_TASK DETAILS:_ Every entry should be returned exactly. Omit none of them.

= Beginning of Section =

(* Let $M$ be a simply-connected domain in the Minkowski plane $(\mathbb{R}^2(u,v),du\,dv)$, let $\omega,Q,R:M\to\mathbb{R}$ be smooth functions and $H\in\mathbb{R}$ a constant. (1) Suppose $\Phi=(\Phi_1,\Phi_2):M\to\mathrm{SL}_2\mathbb{R}\times\mathrm{SL}_2\mathbb{R}$ is smooth and satisfies $(\Phi_1)_u=\Phi_1\mathcal U_1$, $(\Phi_1)_v=\Phi_1\mathcal V_1$, $(\Phi_2)_u=\Phi_2\mathcal U_2$, $(\Phi_2)_v=\Phi_2\mathcal V_2$, where $$\mathcal U_1=\begin{pmatrix}\frac{\omega_u}{4}&\frac12e^{\omega/2}(H+1)\\-e^{-\omega/2}Q&-\frac{\omega_u}{4}\end{pmatrix},\ \mathcal V_1=\begin{pmatrix}-\frac{\omega_v}{4}&e^{-\omega/2}R\\-\frac12e^{\omega/2}(H-1)&\frac{\omega_v}{4}\end{pmatrix},$$ $$\mathcal U_2=\begin{pmatrix}-\frac{\omega_u}{4}&e^{-\omega/2}Q\\-\frac12e^{\omega/2}(H-1)&\frac{\omega_u}{4}\end{pmatrix},\ \mathcal V_2=\begin{pmatrix}\frac{\omega_v}{4}&\frac12e^{\omega/2}(H+1)\\-e^{-\omega/2}R&-\frac{\omega_v}{4}\end{pmatrix}.$$ Then $\varphi:=\Phi_1\Phi_2^t:M\to\mathbb{H}^3_1(-1)$ is a conformal timelike immersion with induced metric $e^{\omega}du\,dv$ and constant mean curvature $H$ (with respect to the unit normal $N=\Phi_1\mathbf k'\Phi_2^t$). (2) Suppose $\Psi=(\Psi_1,\Psi_2):M\to\mathrm{SL}_2\mathbb{R}\times\mathrm{SL}_2\mathbb{R}$ is smooth and satisfies $(\Psi_1)_u=\Psi_1\mathcal U_1$, $(\Psi_1)_v=\Psi_1\mathcal V_1$, $(\Psi_2)_u=\Psi_2\mathcal U_2'$, $(\Psi_2)_v=\Psi_2\mathcal V_2'$, with $\mathcal U_1,\mathcal V_1$ as in (1) and $$\mathcal U_2'=\begin{pmatrix}\frac{\omega_u}{4}&\frac12e^{\omega/2}(H-1)\\-e^{-\omega/2}Q&-\frac{\omega_u}{4}\end{pmatrix},\ \mathcal V_2'=\begin{pmatrix}-\frac{\omega_v}{4}&e^{-\omega/2}R\\-\frac12e^{\omega/2}(H+1)&\frac{\omega_v}{4}\end{pmatrix}.$$ Then $\psi:=\Psi_1\Psi_2^{-1}:M\to\mathbb{H}^3_1(-1)$ is a conformal timelike immersion with induced metric $e^{\omega}du\,dv$ and constant mean curvature $H$ (with respect to the unit normal $N=\Psi_1\mathbf k'\Psi_2^{-1}$).
   Context: $\mathbb{E}^4_2$ is $\mathbb{R}^4$ with metric $-(dx_0)^2-(dx_1)^2+(dx_2)^2+(dx_3)^2$, identified with $M_2(\mathbb{R})$ via $(x_0,x_1,x_2,x_3)\mapsto \begin{pmatrix}x_0+x_3& x_1+x_2\\ -x_1+x_2 & x_0-x_3\end{pmatrix}$, so that $\langle u,v\rangle=\tfrac12\{\operatorname{tr}(uv)-\operatorname{tr}u\operatorname{tr}v\}$, $\langle u,u\rangle=-\det u$, and anti-de Sitter space $\mathbb{H}^3_1(-1)=\{\langle x,x\rangle=-1\}$ becomes $\mathrm{SL}_2\mathbb{R}$. $\mathbf k'=\begin{pmatrix}1&0\\0&-1\end{pmatrix}$. For an immersion $\varphi$ of a domain with null coordinates $(u,v)$, conformal timelike means $\langle\varphi_u,\varphi_u\rangle=\langle\varphi_v,\varphi_v\rangle=0$, $\langle\varphi_u,\varphi_v\rangle=\tfrac12e^{\omega}$ (metric $e^\omega du\,dv$); for a unit normal $N$ ($\langle N,N\rangle=1$, $N\perp\varphi,\varphi_u,\varphi_v$) the mean curvature is $H=2e^{-\omega}\langle\varphi_{uv},N\rangle$. *)

theory Defs
  imports "HOL-Analysis.Analysis"
begin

= End of Section =

_TASK ANSWER:_
(* Let $M$ be a simply-connected domain in the Minkowski plane $(\mathbb{R}^2(u,v),du\,dv)$, let $\omega,Q,R:M\to\mathbb{R}$ be smooth functions and $H\in\mathbb{R}$ a constant. (1) Suppose $\Phi=(\Phi_1,\Phi_2):M\to\mathrm{SL}_2\mathbb{R}\times\mathrm{SL}_2\mathbb{R}$ is smooth and satisfies $(\Phi_1)_u=\Phi_1\mathcal U_1$, $(\Phi_1)_v=\Phi_1\mathcal V_1$, $(\Phi_2)_u=\Phi_2\mathcal U_2$, $(\Phi_2)_v=\Phi_2\mathcal V_2$, where $$\mathcal U_1=\begin{pmatrix}\frac{\omega_u}{4}&\frac12e^{\omega/2}(H+1)\\-e^{-\omega/2}Q&-\frac{\omega_u}{4}\end{pmatrix},\ \mathcal V_1=\begin{pmatrix}-\frac{\omega_v}{4}&e^{-\omega/2}R\\-\frac12e^{\omega/2}(H-1)&\frac{\omega_v}{4}\end{pmatrix},$$ $$\mathcal U_2=\begin{pmatrix}-\frac{\omega_u}{4}&e^{-\omega/2}Q\\-\frac12e^{\omega/2}(H-1)&\frac{\omega_u}{4}\end{pmatrix},\ \mathcal V_2=\begin{pmatrix}\frac{\omega_v}{4}&\frac12e^{\omega/2}(H+1)\\-e^{-\omega/2}R&-\frac{\omega_v}{4}\end{pmatrix}.$$ Then $\varphi:=\Phi_1\Phi_2^t:M\to\mathbb{H}^3_1(-1)$ is a conformal timelike immersion with induced metric $e^{\omega}du\,dv$ and constant mean curvature $H$ (with respect to the unit normal $N=\Phi_1\mathbf k'\Phi_2^t$). (2) Suppose $\Psi=(\Psi_1,\Psi_2):M\to\mathrm{SL}_2\mathbb{R}\times\mathrm{SL}_2\mathbb{R}$ is smooth and satisfies $(\Psi_1)_u=\Psi_1\mathcal U_1$, $(\Psi_1)_v=\Psi_1\mathcal V_1$, $(\Psi_2)_u=\Psi_2\mathcal U_2'$, $(\Psi_2)_v=\Psi_2\mathcal V_2'$, with $\mathcal U_1,\mathcal V_1$ as in (1) and $$\mathcal U_2'=\begin{pmatrix}\frac{\omega_u}{4}&\frac12e^{\omega/2}(H-1)\\-e^{-\omega/2}Q&-\frac{\omega_u}{4}\end{pmatrix},\ \mathcal V_2'=\begin{pmatrix}-\frac{\omega_v}{4}&e^{-\omega/2}R\\-\frac12e^{\omega/2}(H+1)&\frac{\omega_v}{4}\end{pmatrix}.$$ Then $\psi:=\Psi_1\Psi_2^{-1}:M\to\mathbb{H}^3_1(-1)$ is a conformal timelike immersion with induced metric $e^{\omega}du\,dv$ and constant mean curvature $H$ (with respect to the unit normal $N=\Psi_1\mathbf k'\Psi_2^{-1}$).
   Context: $\mathbb{E}^4_2$ is $\mathbb{R}^4$ with metric $-(dx_0)^2-(dx_1)^2+(dx_2)^2+(dx_3)^2$, identified with $M_2(\mathbb{R})$ via $(x_0,x_1,x_2,x_3)\mapsto \begin{pmatrix}x_0+x_3& x_1+x_2\\ -x_1+x_2 & x_0-x_3\end{pmatrix}$, so that $\langle u,v\rangle=\tfrac12\{\operatorname{tr}(uv)-\operatorname{tr}u\operatorname{tr}v\}$, $\langle u,u\rangle=-\det u$, and anti-de Sitter space $\mathbb{H}^3_1(-1)=\{\langle x,x\rangle=-1\}$ becomes $\mathrm{SL}_2\mathbb{R}$. $\mathbf k'=\begin{pmatrix}1&0\\0&-1\end{pmatrix}$. For an immersion $\varphi$ of a domain with null coordinates $(u,v)$, conformal timelike means $\langle\varphi_u,\varphi_u\rangle=\langle\varphi_v,\varphi_v\rangle=0$, $\langle\varphi_u,\varphi_v\rangle=\tfrac12e^{\omega}$ (metric $e^\omega du\,dv$); for a unit normal $N$ ($\langle N,N\rangle=1$, $N\perp\varphi,\varphi_u,\varphi_v$) the mean curvature is $H=2e^{-\omega}\langle\varphi_{uv},N\rangle$. *)

theory Defs
  imports "HOL-Analysis.Analysis"
begin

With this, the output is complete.